Exciting NEW animals and events are at the World Center for Birds of Prey this summer and we encourage you to come check them out.
Two new non-releasable birds were recently donated and are now on display at the Center: an immature Bald Eagle and an Ornate Hawk-Eagle.
As the national symbol for the United States, the Bald Eagle is perhaps one of the most recognized raptors in the country. Fish make up most of their diet, but they will also eat carrion, birds, small mammals, reptiles, and invertebrates. The Bald Eagle will search for prey from a perch or while soaring. When prey is found, this eagle will swoop down to catch the prey. They may also wade into shallow water or take food from other birds. Bald Eagles are found throughout much of coastal Alaska, southern Canada, the contiguous United States, northern Mexico, and Baja California. These birds typically stay near rivers and large bodies of water and have large habitat ranges.
Our Bald Eagle will be developing its adult color plumage over the next few years and the changes should be quite exciting, especially for return visitors. We plan to hold a "name the Bald Eagle" contest for school children this coming fall.
Hawk-eagles are small to medium-sized raptors with short, broad wings and a long tail. This accipiter-like eagle hunts medium-sized birds, mammals, and sometimes reptiles, usually from a perch within the forest or at a forest edge. Stealth and ambush are important aspects of this powerful raptor's hunting style. The Ornate Hawk-Eagle has a slender body and beak, feathers that extend down the leg to the toes (booted eagle), and long talons on powerful feet. This hawk-eagle can be found from lowland swamp forests to higher elevation primary forests of subtropical and tropical Central and South America.

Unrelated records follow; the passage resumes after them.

lemma level_set_square_cover:
  fixes g :: "real \<Rightarrow> real" and P :: "real set set"
  assumes "finite P" "{0..1} \<subseteq> \<Union>P"
    and sign: "\<And>I. I \<in> P \<Longrightarrow> \<sigma> I \<in> {-1, 1}"
    and mono: "\<And>I. I \<in> P \<Longrightarrow> strict_mono_on I (\<lambda>x. \<sigma> I * g x)"
    and sep: "\<And>I. I \<in> P \<Longrightarrow> separating_on I g (d / 2) (2 * e)"
    and d: "0 < d" "d \<le> 1"
  shows "\<exists>S. finite S \<and> real (card S) \<le> 8 * real (card P)^2 / d \<and>
           {(x, y). x \<in> {0..1} \<and> y \<in> {0..1} \<and> \<bar>g x - g y\<bar> < e} \<subseteq> (\<Union>p\<in>S. square p d)"
proof -
  define A where "A = {(x, y). x \<in> {0..1} \<and> y \<in> {0..1} \<and> \<bar>g x - g y\<bar> < e}"
  have "\<forall>x\<in>{0..1}. \<exists>I. I \<in> P \<and> x \<in> I"
    using assms(2) by blast
  then obtain piece where piece: "\<And>x. x \<in> {0..1} \<Longrightarrow> piece x \<in> P \<and> x \<in> piece x"
    using bchoice by metis
  define s where "s q = \<sigma> (piece (fst q)) * \<sigma> (piece (snd q))" for q
  define lab where "lab q = (piece (fst q), piece (snd q), \<lfloor>(fst q + s q * snd q) / (d / 2)\<rfloor>)" for q
  define L where "L = P \<times> P \<times> {\<lfloor>-2 / d\<rfloor>..\<lfloor>4 / d\<rfloor>}"
  have "lab ` A \<subseteq> L"
  proof (rule image_subsetI)
    fix q assume "q \<in> A"
    then obtain x y where q: "q = (x, y)" and xy: "x \<in> {0..1}" "y \<in> {0..1}"
      by (auto simp: A_def)
    then have "\<sigma> (piece x) \<in> {-1, 1}" "\<sigma> (piece y) \<in> {-1, 1}"
      using sign piece by blast+
    then have "s q \<in> {-1, 1}"
      by (auto simp: q s_def)
    then have "-1 \<le> x + s q * y" "x + s q * y \<le> 2"
      using xy by auto
    then have "\<lfloor>(x + s q * y) / (d / 2)\<rfloor> \<in> {\<lfloor>-2 / d\<rfloor>..\<lfloor>4 / d\<rfloor>}"
      using d(1) by (rule floor_bin_mem)
    then show "lab q \<in> L"
      using piece xy by (simp add: q lab_def L_def)
  qed
  have "real (card L) = real (card P) * (real (card P) * real (card {\<lfloor>-2 / d\<rfloor>..\<lfloor>4 / d\<rfloor>}))"
    by (simp only: L_def card_cartesian_product of_nat_mult)
  also have "\<dots> \<le> real (card P) * (real (card P) * (8 / d))"
    using card_bins_le[OF d] by (intro mult_left_mono) auto
  also have "\<dots> = 8 * real (card P)^2 / d"
    by (simp add: power2_eq_square)
  finally have card_L: "real (card L) \<le> 8 * real (card P)^2 / d" .
  have close: "\<bar>fst q - fst q'\<bar> < d / 2 \<and> \<bar>snd q - snd q'\<bar> < d / 2"
    if "q \<in> A" "q' \<in> A" "lab q = lab q'" for q q'
  proof -
    obtain x y x' y' where q: "q = (x, y)" "q' = (x', y')"
      by fastforce
    let ?I = "piece x" and ?J = "piece y"
    have xy: "x \<in> {0..1}" "y \<in> {0..1}" "x' \<in> {0..1}" "y' \<in> {0..1}"
      and level: "\<bar>g x - g y\<bar> < e" "\<bar>g x' - g y'\<bar> < e"
      using that(1,2) by (auto simp: q A_def)
    have same: "piece x' = ?I" "piece y' = ?J"
      and floors: "\<lfloor>(x + s q * y) / (d / 2)\<rfloor> = \<lfloor>(x' + s q' * y') / (d / 2)\<rfloor>"
      using that(3) by (simp_all add: q lab_def)
    have I: "?I \<in> P" "x \<in> ?I" "x' \<in> ?I" and J: "?J \<in> P" "y \<in> ?J" "y' \<in> ?J"
      using piece[OF xy(1)] piece[OF xy(2)] piece[OF xy(3)] piece[OF xy(4)] same by simp_all
    have "\<bar>(x + s q * y) - (x' + s q' * y')\<bar> < d / 2"
      using floors d by (intro floor_divide_eq_imp_abs_diff_less) simp_all
    moreover have "s q = \<sigma> ?I * \<sigma> ?J" "s q' = \<sigma> ?I * \<sigma> ?J"
      using same by (simp_all add: q s_def)
    ultimately have near: "\<bar>(x + \<sigma> ?I * \<sigma> ?J * y) - (x' + \<sigma> ?I * \<sigma> ?J * y')\<bar> < d / 2"
      by simp
    show ?thesis
      using level_pair_close_both[OF sign[OF I(1)] sign[OF J(1)] mono[OF I(1)] mono[OF J(1)]
          sep[OF I(1)] sep[OF J(1)] I(3,2) J(3,2) level(2,1) near]
      by (simp add: q)
  qed
  have "finite L"
    using \<open>finite P\<close> by (simp add: L_def)
  then obtain S where "finite S" "card S \<le> card L" "A \<subseteq> (\<Union>p\<in>S. square p d)"
    using square_cover_by_labels[OF _ \<open>lab ` A \<subseteq> L\<close> close] by blast
  moreover have "real (card S) \<le> 8 * real (card P)^2 / d"
    using \<open>card S \<le> card L\<close> card_L by linarith
  ultimately show ?thesis
    unfolding A_def by blast
qed

lemma eventually_separating_pieces:
  fixes g :: "real \<Rightarrow> real" and P :: "real set set"
  assumes "finite P" "continuous_on UNIV g"
    and compact: "\<And>I. I \<in> P \<Longrightarrow> compact I"
    and mono: "\<And>I. I \<in> P \<Longrightarrow> strict_mono_on I (\<lambda>x. \<sigma> I * g x)"
    and "0 < r"
  shows "\<forall>\<^sub>F e in at_right 0. \<forall>I\<in>P. separating_on I g r (2 * e)"
proof -
  have "inj_on g I" if "I \<in> P" for I
    using strict_mono_on_imp_inj_on[OF mono[OF that]] by (auto simp: inj_on_def)
  then have "\<forall>I\<in>P. \<forall>\<^sub>F \<eta> in at_right 0. separating_on I g r \<eta>"
    using compact assms(2,5) by (auto intro: eventually_separating_on continuous_on_subset)
  then have "\<forall>\<^sub>F \<eta> in at_right 0. \<forall>I\<in>P. separating_on I g r \<eta>"
    by (rule eventually_ball_finite[OF \<open>finite P\<close>])
  moreover have "filterlim (\<lambda>e. 2 * e) (at_right 0) (at_right (0::real))"
    by (rule filterlim_times_pos[OF filterlim_ident]) simp_all
  ultimately show ?thesis
    by (rule eventually_compose_filterlim)
qed

theorem lemma2p1:
  fixes g :: "real \<Rightarrow> real"
  assumes periodic: "\<forall>x. g (x + 1) = g x"
    and diff: "\<forall>x. g differentiable at x"
    and C1: "continuous_on UNIV (deriv g)"
    and crit: "finite {x \<in> {0..1}. deriv g x = 0}"
  shows "\<exists>C::real. C > 0 \<and> (\<exists>\<delta> :: real \<Rightarrow> real.
           (\<forall>\<epsilon>>0. \<delta> \<epsilon> > 0) \<and> (\<delta> \<longlongrightarrow> 0) (at_right 0) \<and>
           (\<forall>\<epsilon>>0. \<exists>S :: (real \<times> real) set. finite S \<and> real (card S) \<le> C / \<delta> \<epsilon> \<and>
               {(x, y). x \<in> {0..1} \<and> y \<in> {0..1} \<and> \<bar>g x - g y\<bar> < \<epsilon>}
                 \<subseteq> (\<Union>p\<in>S. square p (\<delta> \<epsilon>))))"
proof -
  obtain P \<sigma> where P: "finite P" "{0..1} \<subseteq> \<Union>P" and compact: "\<And>I. I \<in> P \<Longrightarrow> compact I"
    and sign: "\<And>I. I \<in> P \<Longrightarrow> \<sigma> I \<in> {-1, 1}" and mono: "\<And>I. I \<in> P \<Longrightarrow> strict_mono_on I (\<lambda>x. \<sigma> I * g x)"
    using piecewise_strict_mono_on[OF diff[rule_format] C1 crit] by blast
  have "continuous_on UNIV g"
    using diff by (simp add: continuous_at_imp_continuous_on differentiable_imp_continuous_within)
  then have separation:
    "\<forall>\<^sub>F e in at_right 0. \<forall>I\<in>P. separating_on I g (r / 2) (2 * e)" if "0 < r" for r
    using that by (intro eventually_separating_pieces[OF P(1) _ compact mono]) simp_all
  obtain \<delta> where \<delta>: "\<And>e. 0 < \<delta> e" "\<And>e. \<delta> e \<le> 1" and lim: "(\<delta> \<longlongrightarrow> 0) (at_right 0)"
    and sep: "\<And>e. \<delta> e = 1 \<or> (\<forall>I\<in>P. separating_on I g (\<delta> e / 2) (2 * e))"
    using exists_scale_tendsto_0[of "\<lambda>r e. \<forall>I\<in>P. separating_on I g (r / 2) (2 * e)", OF separation] by blast
  define C where "C = 8 * real (card P)^2"
  have "0 < card P"
    using P by (auto simp: card_gt_0_iff)
  then have "8 \<le> C"
    by (simp add: C_def one_le_power)
  have cover: "\<exists>S. finite S \<and> real (card S) \<le> C / \<delta> e \<and>
      {(x, y). x \<in> {0..1} \<and> y \<in> {0..1} \<and> \<bar>g x - g y\<bar> < e} \<subseteq> (\<Union>p\<in>S. square p (\<delta> e))" for e
  proof (cases "\<delta> e = 1")
    case True
    then show ?thesis
      using \<open>8 \<le> C\<close> by (intro exI[of _ "{(0, 0)}"]) (auto simp: square_def)
  next
    case False
    then have "\<forall>I\<in>P. separating_on I g (\<delta> e / 2) (2 * e)"
      using sep[of e] by simp
    then show ?thesis
      unfolding C_def using level_set_square_cover[OF P sign mono, of "\<delta> e" e] \<delta> by blast
  qed
  show ?thesis
  proof (intro exI[of _ C] conjI exI[of _ \<delta>] allI impI)
    show "0 < C"
      using \<open>8 \<le> C\<close> by simp
  qed (use \<delta>(1) lim cover in auto)
qed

To learn more about these and other raptors, visit "Explore Raptors."
Emerald Tree Boa
The World Center for Birds of Prey also has another exciting new animal addition. . .in the reptile family.
Inhabiting primarily the Amazon River Basin, this smaller South American boa is bright green with irregular white markings along its dorsal midline and an underside ranging from pale to bright yellow. Rarely venturing to the ground, these boas live in trees and are usually found with their coils draped over a horizontal branch. Largely nocturnal and feeding on birds, bats, and arboreal mammals, emerald tree boas have exceptionally long front teeth and a prehensile tail that provides a secure anchor for the snakes to strike and then swallow their prey while hanging upside down from a branch. Their excellent camouflage makes them difficult to find.
Summer Events at the Velma Morrison Interpretive Center at the World Center for Birds of Prey
Creature Feature--Tuesdays at 10:00am and 2:00pm throughout the summer.
"Creature Feature" lasts about 30 minutes and includes a story followed with a hands-on experience or activity with a live creature! While designed especially for young visitors, this is sure to entertain the kid in all of us.